Olympic Glory: Abebe Bikila

Friday 27th July 2012. A date to remember. It has been a fifty-four year wait for London and now the Olympic opening ceremony is only hours away; the world waits in anticipation for the greatest sporting spectacle of all. If you are one of the many fans hoping for time to pass quickly so that the ceremony can begin, here’s a story to inspire you all.

When I sat down to watch The Athlete (2009), a film that depicts the life of the Ethiopian marathon runner Abebe Bikila, I knew that the two-time Olympic gold medalist would have an incredible sporting story to tell but his remarkable personal tale should inspire us all.

Abebe Bikila winning in Rome 1960
Source: ethiozoo.com

When an Olympic film comes out of Hollywood, the uplifting soundtrack, exaggerated highs and lows, and expectations of a whole nation are always trademark features. In Davey Frankel’s film though, the story is more subtle.

Rather than showing Bikila’s defining Olympic moment in Rome 1960, the film is a reminiscent tale that depicts a comparatively low-key period in the runner’s career. Bikila is already a two-time Olympic gold medalist but has recently lost at the Mexico City Olympics in 1968. He is barely being considered for the following games in Munich.

It is during this lull in Bikila’s career that the audience is taken back, with real footage, to his astonishing barefooted victory in Rome 1960. Having been a last minute replacement in the Ethiopian team, Bikila could not race in the shoes that he had been given. They were painful to wear and so he stepped up to the starting line as the only barefooted athlete. The world was stunned as he raced to victory with a world record time of 2:15:16 .

This victory was significant for spectators back home, as Bikila won Ethiopia’s first Olympic medal in the nation that had conquered their own only 24 years earlier. He was also the first African athlete to win an Olympic marathon.

 

“I wanted the world to know that my country, Ethiopia, has always won with determination and heroism” Abebe Bikila in Rome 1960.

 

However, the film’s audience is not introduced to a jubilant Olympic athlete but instead a man that is fighting a personal struggle to compete again. This is what makes The Athlete (2009) stand out. The film gives an honest reflection of the personal drive of an athlete in competition. Of course, they are aware and proud of competing for their country but athletes have a selfish will to win. 

In this way, his struggle to compete in Munich is one that many athletes who compete at these high profile events must go through. They want to win, not for their nation but to fulfil their personal ambition and this should be respected. 
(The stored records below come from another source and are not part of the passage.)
lemma integrable_mult_unit_interval:
  fixes f r :: "'a \<Rightarrow> real"
  assumes "integrable M f" "r \<in> borel_measurable M" "\<And>\<omega>. 0 \<le> r \<omega>" "\<And>\<omega>. r \<omega> \<le> 1"
  shows "integrable M (\<lambda>\<omega>. f \<omega> * r \<omega>)"
  by (rule Bochner_Integration.integrable_bound[OF assms(1)])
     (use assms borel_measurable_integrable[OF assms(1)] in
       \<open>auto simp: abs_mult intro!: mult_left_le borel_measurable_times\<close>)

lemma integral_mult_eq_0_if_integral_weight_eq_0:
  fixes f r :: "'a \<Rightarrow> real"
  assumes "finite_measure M" "integrable M f"
    and r: "r \<in> borel_measurable M" "\<And>\<omega>. 0 \<le> r \<omega>" "\<And>\<omega>. r \<omega> \<le> 1"
    and "(\<integral>\<omega>. r \<omega> \<partial>M) = 0"
  shows "(\<integral>\<omega>. f \<omega> * r \<omega> \<partial>M) = 0"
proof -
  interpret finite_measure M by fact
  have "integrable M r" using r by (intro integrable_const_bound[where B=1]) auto
  then have "AE \<omega> in M. r \<omega> = 0" using integral_nonneg_eq_0_iff_AE assms r by auto
  then have "(\<integral>\<omega>. f \<omega> * r \<omega> \<partial>M) = (\<integral>\<omega>. 0 \<partial>M)"
    by (intro integral_cong_AE) (use r assms(2) in \<open>auto elim: AE_mp\<close>)
  then show ?thesis by simp
qed

lemma resp_prob_properties:
  assumes "\<And>y. (\<lambda>\<omega>. G \<omega> y) \<in> borel_measurable M" and "l \<ge> 0"
  shows "resp_prob G l a b i \<in> borel_measurable M"
    and "0 \<le> resp_prob G l a b i \<omega>" and "resp_prob G l a b i \<omega> \<le> 1"
    and "resp_prob G l a b 2 \<omega> = 1 - resp_prob G l a b 1 \<omega>"
proof -
  have [measurable]: "(\<lambda>\<omega>. G \<omega> y) \<in> borel_measurable M" for y by (rule assms(1))
  show "resp_prob G l a b i \<in> borel_measurable M"
    unfolding resp_prob_def Let_def by (cases "l > 0"; cases "i = 1"; simp)
  show "0 \<le> resp_prob G l a b i \<omega>" "resp_prob G l a b i \<omega> \<le> 1"
    unfolding resp_prob_def Let_def using Phi_nonneg Phi_le_1
    by (cases "l > 0"; cases "i = 1"; simp)+
  show "resp_prob G l a b 2 \<omega> = 1 - resp_prob G l a b 1 \<omega>"
    unfolding resp_prob_def Let_def by simp
qed
(* Let $\mathcal{X}_1,\mathcal{X}_2$ be non-empty sets, $\mathcal{B}_1\subseteq\mathcal{P}(\mathcal{X}_1)\setminus\{\emptyset\}$, $\mathcal{B}_2\subseteq\mathcal{P}(\mathcal{X}_2)\setminus\{\emptyset\}$ (arbitrary, possibly empty), and for $i\in\{1,2\}$ let $\underline{P}_i$ be a coherent conditional lower prevision on $\mathcal{C}_i\subseteq\mathcal{C}(\mathcal{X}_i)$ with natural extension $\underline{E}_i$ to $\mathcal{C}(\mathcal{X}_i)$. Then for any $f\in\mathcal{G}(\mathcal{X}_1)$ and $h\in\mathcal{G}(\mathcal{X}_2)$, $$(\underline{P}_1\otimes\underline{P}_2)(f+h)=\underline{E}_1(f)+\underline{E}_2(h).$$
   Context: Gambles on a non-empty set $\mathcal{X}$ are bounded real functions; $\mathcal{G}(\mathcal{X})$ is the set of gambles, $\mathcal{G}_{>0}(\mathcal{X})$ the non-negative non-zero gambles, $\mathbb{I}_A$ the indicator of $A$. For $\mathcal{A}\subseteq\mathcal{G}(\mathcal{X})$: $\mathrm{posi}(\mathcal{A}):=\{\sum_{i=1}^n\lambda_if_i\colon n\in\mathbb{N},\lambda_i>0,f_i\in\mathcal{A}\}$, $\mathcal{E}(\mathcal{A}):=\mathrm{posi}(\mathcal{A}\cup\mathcal{G}_{>0}(\mathcal{X}))$. A coherent set of desirable gambles $\mathcal{D}\subseteq\mathcal{G}(\mathcal{X})$ satisfies: (D1) $f\geq0,f\neq0\Rightarrow f\in\mathcal{D}$; (D2) $f\in\mathcal{D},\lambda>0\Rightarrow\lambda f\in\mathcal{D}$; (D3) $f,g\in\mathcal{D}\Rightarrow f+g\in\mathcal{D}$; (D4) $f\leq0\Rightarrow f\notin\mathcal{D}$. $\mathcal{C}(\mathcal{X}):=\mathcal{G}(\mathcal{X})\times(\mathcal{P}(\mathcal{X})\setminus\{\emptyset\})$; a conditional lower prevision on $\mathcal{C}\subseteq\mathcal{C}(\mathcal{X})$ is a map $(f,B)\mapsto\underline{P}(f\vert B)\in\mathbb{R}\cup\{\pm\infty\}$. For $\mathcal{D}\subseteq\mathcal{G}(\mathcal{X})$, $\underline{P}_{\mathcal{D}}(f\vert B):=\sup\{\mu\in\mathbb{R}\colon[f-\mu]\mathbb{I}_B\in\mathcal{D}\}$. $\underline{P}$ is coherent if $\underline{P}=\underline{P}_{\mathcal{D}}$ on its domain for some coherent set of desirable gambles $\mathcal{D}$. For coherent $\underline{P}$ on $\mathcal{C}$, $\mathcal{E}(\underline{P}):=\mathcal{E}(\{[f-\mu]\mathbb{I}_B\colon(f,B)\in\mathcal{C},\mu<\underline{P}(f\vert B)\})$ and its natural extension is $\underline{E}(f\vert B):=\underline{P}_{\mathcal{E}(\underline{P})}(f\vert B)$ for all $(f,B)\in\mathcal{C}(\mathcal{X})$. Unconditional notation: $\underline{P}(f):=\underline{P}(f\vert\mathcal{X})$. Gambles on $\mathcal{X}_i$ are identified with their cylindrical extensions to $\mathcal{X}_1\times\mathcal{X}_2$, events $B\subseteq\mathcal{X}_1$ with $B\times\mathcal{X}_2$ (similarly for $\mathcal{X}_2$). For coherent sets of desirable gambles $\mathcal{D}_1,\mathcal{D}_2$: $\mathcal{D}_1\otimes\mathcal{D}_2:=\mathcal{E}(\mathcal{A}_{1\to2}\cup\mathcal{A}_{2\to1})$, $\mathcal{A}_{1\to2}:=\{f_2(X_2)\mathbb{I}_{B_1}(X_1)\colon f_2\in\mathcal{D}_2,B_1\in\mathcal{B}_1\cup\{\mathcal{X}_1\}\}$, $\mathcal{A}_{2\to1}:=\{f_1(X_1)\mathbb{I}_{B_2}(X_2)\colon f_1\in\mathcal{D}_1,B_2\in\mathcal{B}_2\cup\{\mathcal{X}_2\}\}$. Then $(\underline{P}_1\otimes\underline{P}_2)(f\vert B):=\underline{P}_{\mathcal{D}}(f\vert B)$ for $(f,B)\in\mathcal{C}(\mathcal{X}_1\times\mathcal{X}_2)$ with $\mathcal{D}=\mathcal{E}(\underline{P}_1)\otimes\mathcal{E}(\underline{P}_2)$. *)

theory Defs
  imports Complex_Main "HOL-Library.Extended_Real" "HOL-Library.Indicator_Function"
begin

text \<open>Possibility spaces are modelled as (automatically non-empty) types; the
  whole space is UNIV. Gambles are bounded real-valued functions.\<close>

definition gamble :: "('a \<Rightarrow> real) \<Rightarrow> bool" where
  "gamble f \<longleftrightarrow> (\<exists>c. \<forall>x. \<bar>f x\<bar> \<le> c)"

definition gambles :: "('a \<Rightarrow> real) set" where
  "gambles = {f. gamble f}"

definition gambles_pos :: "('a \<Rightarrow> real) set" where
  "gambles_pos = {f. gamble f \<and> (\<forall>x. f x \<ge> 0) \<and> f \<noteq> (\<lambda>x. 0)}"

definition posi :: "('a \<Rightarrow> real) set \<Rightarrow> ('a \<Rightarrow> real) set" where
  "posi A = {g. \<exists>(n::nat) (lam::nat \<Rightarrow> real) (fs::nat \<Rightarrow> 'a \<Rightarrow> real).
      n > 0 \<and> (\<forall>i<n. lam i > 0 \<and> fs i \<in> A) \<and> g = (\<lambda>x. \<Sum>i<n. lam i * fs i x)}"

definition natext_set :: "('a \<Rightarrow> real) set \<Rightarrow> ('a \<Rightarrow> real) set" ("\<E>") where
  "\<E> A = posi (A \<union> gambles_pos)"

definition coherent_D :: "('a \<Rightarrow> real) set \<Rightarrow> bool" where
  "coherent_D D \<longleftrightarrow> D \<subseteq> gambles \<and>
     (\<forall>f. gamble f \<and> (\<forall>x. f x \<ge> 0) \<and> f \<noteq> (\<lambda>x. 0) \<longrightarrow> f \<in> D) \<and>
     (\<forall>f \<in> D. \<forall>c::real. c > 0 \<longrightarrow> (\<lambda>x. c * f x) \<in> D) \<and>
     (\<forall>f \<in> D. \<forall>g \<in> D. (\<lambda>x. f x + g x) \<in> D) \<and>
     (\<forall>f. gamble f \<and> (\<forall>x. f x \<le> 0) \<longrightarrow> f \<notin> D)"

definition cond_domain :: "(('a \<Rightarrow> real) \<times> 'a set) set" where
  "cond_domain = {(f, B). gamble f \<and> B \<noteq> {}}"

text \<open>Lower prevision induced by a set of gambles: values in the extended reals
  (Sup of the empty set is -\<infinity>).\<close>
definition lowprev_D :: "('a \<Rightarrow> real) set \<Rightarrow> ('a \<Rightarrow> real) \<Rightarrow> 'a set \<Rightarrow> ereal" where
  "lowprev_D D f B = Sup {ereal \<mu> | \<mu>. (\<lambda>x. (f x - \<mu>) * indicator B x) \<in> D}"

definition coherent_lp :: "(('a \<Rightarrow> real) \<times> 'a set) set \<Rightarrow> (('a \<Rightarrow> real) \<Rightarrow> 'a set \<Rightarrow> ereal) \<Rightarrow> bool" where
  "coherent_lp C P \<longleftrightarrow> C \<subseteq> cond_domain \<and>
     (\<exists>D. coherent_D D \<and> (\<forall>(f, B) \<in> C. P f B = lowprev_D D f B))"

definition E_lp :: "(('a \<Rightarrow> real) \<times> 'a set) set \<Rightarrow> (('a \<Rightarrow> real) \<Rightarrow> 'a set \<Rightarrow> ereal) \<Rightarrow> ('a \<Rightarrow> real) set" where
  "E_lp C P = \<E> {(\<lambda>x. (f x - \<mu>) * indicator B x) | f B \<mu>. (f, B) \<in> C \<and> ereal \<mu> < P f B}"

definition natext :: "(('a \<Rightarrow> real) \<times> 'a set) set \<Rightarrow> (('a \<Rightarrow> real) \<Rightarrow> 'a set \<Rightarrow> ereal) \<Rightarrow> ('a \<Rightarrow> real) \<Rightarrow> 'a set \<Rightarrow> ereal" where
  "natext C P f B = lowprev_D (E_lp C P) f B"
Nothing reflects the spirit of Abele Bikila more than his reaction to his car crash. Now paralysed, his ambition to compete again does not waver. Confined to a wheelchair, Bikila is determined to recover.

 

 

During this time we are shown images from his second Olympic title, which makes his story even more astonishing. He was the first man to retain a marathon title in Tokyo 1964 and managed to do so after recovering from surgery of the appendix just weeks before the event. It was here that he cemented his status as an Olympic legend.

The film shows Bikila as a true symbol of courage and determination before his death in 1973. It is a poignant scene when he competes for one last time as a para-athletic competitor in Norway 1970. 

Abebe Bikila will long be remembered as one of the greatest marathon runners of all time and has influenced many of the African athletes that race today. The film is an understated tribute to the man that helped to inspire a new generation of marathon runners. Perfect viewing for anyone wanting to capture the Olympic spirit.